> [Records to use]:
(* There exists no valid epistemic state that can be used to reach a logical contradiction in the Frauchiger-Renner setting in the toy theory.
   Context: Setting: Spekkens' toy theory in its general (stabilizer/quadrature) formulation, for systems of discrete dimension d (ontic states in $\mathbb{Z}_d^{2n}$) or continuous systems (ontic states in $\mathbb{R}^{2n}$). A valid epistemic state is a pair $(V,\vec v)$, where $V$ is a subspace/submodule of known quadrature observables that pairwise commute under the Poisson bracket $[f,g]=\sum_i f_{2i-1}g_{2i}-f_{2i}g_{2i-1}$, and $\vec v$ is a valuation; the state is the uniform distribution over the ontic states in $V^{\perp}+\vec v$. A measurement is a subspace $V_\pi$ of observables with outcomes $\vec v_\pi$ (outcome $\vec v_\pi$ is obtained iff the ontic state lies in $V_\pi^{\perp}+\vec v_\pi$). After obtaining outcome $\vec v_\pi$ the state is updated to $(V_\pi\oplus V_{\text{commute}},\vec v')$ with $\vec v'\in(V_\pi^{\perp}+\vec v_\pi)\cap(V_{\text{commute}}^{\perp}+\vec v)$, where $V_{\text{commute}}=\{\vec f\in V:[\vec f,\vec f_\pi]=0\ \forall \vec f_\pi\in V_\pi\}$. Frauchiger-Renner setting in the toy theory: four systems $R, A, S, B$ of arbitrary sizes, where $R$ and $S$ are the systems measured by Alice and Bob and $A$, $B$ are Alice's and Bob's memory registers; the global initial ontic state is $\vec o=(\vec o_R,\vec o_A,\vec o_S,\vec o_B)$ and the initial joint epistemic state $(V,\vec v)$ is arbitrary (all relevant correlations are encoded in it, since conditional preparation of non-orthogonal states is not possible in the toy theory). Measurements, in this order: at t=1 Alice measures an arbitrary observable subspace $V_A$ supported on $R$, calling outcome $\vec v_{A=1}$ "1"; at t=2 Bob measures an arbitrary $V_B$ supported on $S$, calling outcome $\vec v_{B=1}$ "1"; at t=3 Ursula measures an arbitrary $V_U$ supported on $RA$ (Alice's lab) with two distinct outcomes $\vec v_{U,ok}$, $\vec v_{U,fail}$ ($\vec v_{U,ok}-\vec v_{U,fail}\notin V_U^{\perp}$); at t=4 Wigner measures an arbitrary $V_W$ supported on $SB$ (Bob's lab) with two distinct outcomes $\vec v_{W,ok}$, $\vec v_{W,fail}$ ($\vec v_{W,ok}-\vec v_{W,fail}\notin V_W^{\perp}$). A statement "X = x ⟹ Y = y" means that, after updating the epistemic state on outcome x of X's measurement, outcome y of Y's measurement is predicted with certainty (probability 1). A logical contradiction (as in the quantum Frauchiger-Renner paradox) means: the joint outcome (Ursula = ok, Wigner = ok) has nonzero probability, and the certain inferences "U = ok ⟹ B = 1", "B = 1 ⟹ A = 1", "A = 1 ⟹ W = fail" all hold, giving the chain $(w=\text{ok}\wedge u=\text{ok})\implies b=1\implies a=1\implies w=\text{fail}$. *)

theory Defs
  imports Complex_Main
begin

* * *

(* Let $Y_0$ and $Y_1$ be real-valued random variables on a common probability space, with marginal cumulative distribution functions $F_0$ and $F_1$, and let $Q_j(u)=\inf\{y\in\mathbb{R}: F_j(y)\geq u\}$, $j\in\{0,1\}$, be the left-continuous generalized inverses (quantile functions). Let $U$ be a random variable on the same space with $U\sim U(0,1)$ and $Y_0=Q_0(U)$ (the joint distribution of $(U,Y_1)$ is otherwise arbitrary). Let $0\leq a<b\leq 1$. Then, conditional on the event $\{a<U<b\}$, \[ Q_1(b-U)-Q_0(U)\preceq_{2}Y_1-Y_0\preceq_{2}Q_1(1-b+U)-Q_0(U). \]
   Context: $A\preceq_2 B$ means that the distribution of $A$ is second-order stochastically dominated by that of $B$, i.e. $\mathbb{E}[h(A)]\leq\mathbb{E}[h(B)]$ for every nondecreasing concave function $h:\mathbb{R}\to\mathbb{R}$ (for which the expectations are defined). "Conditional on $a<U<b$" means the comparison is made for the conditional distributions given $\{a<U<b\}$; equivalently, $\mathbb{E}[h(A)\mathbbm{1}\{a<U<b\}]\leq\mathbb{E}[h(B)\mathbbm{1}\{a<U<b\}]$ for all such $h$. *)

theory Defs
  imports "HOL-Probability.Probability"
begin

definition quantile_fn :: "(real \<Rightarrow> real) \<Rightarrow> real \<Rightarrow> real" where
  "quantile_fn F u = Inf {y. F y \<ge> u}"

> [Exercise]: Search the material above for the word "real", and return each line that holds it.

> [Reply]:
(* Let $Y_0$ and $Y_1$ be real-valued random variables on a common probability space, with marginal cumulative distribution functions $F_0$ and $F_1$, and let $Q_j(u)=\inf\{y\in\mathbb{R}: F_j(y)\geq u\}$, $j\in\{0,1\}$, be the left-continuous generalized inverses (quantile functions). Let $U$ be a random variable on the same space with $U\sim U(0,1)$ and $Y_0=Q_0(U)$ (the joint distribution of $(U,Y_1)$ is otherwise arbitrary). Let $0\leq a<b\leq 1$. Then, conditional on the event $\{a<U<b\}$, \[ Q_1(b-U)-Q_0(U)\preceq_{2}Y_1-Y_0\preceq_{2}Q_1(1-b+U)-Q_0(U). \]
definition quantile_fn :: "(real \<Rightarrow> real) \<Rightarrow> real \<Rightarrow> real" where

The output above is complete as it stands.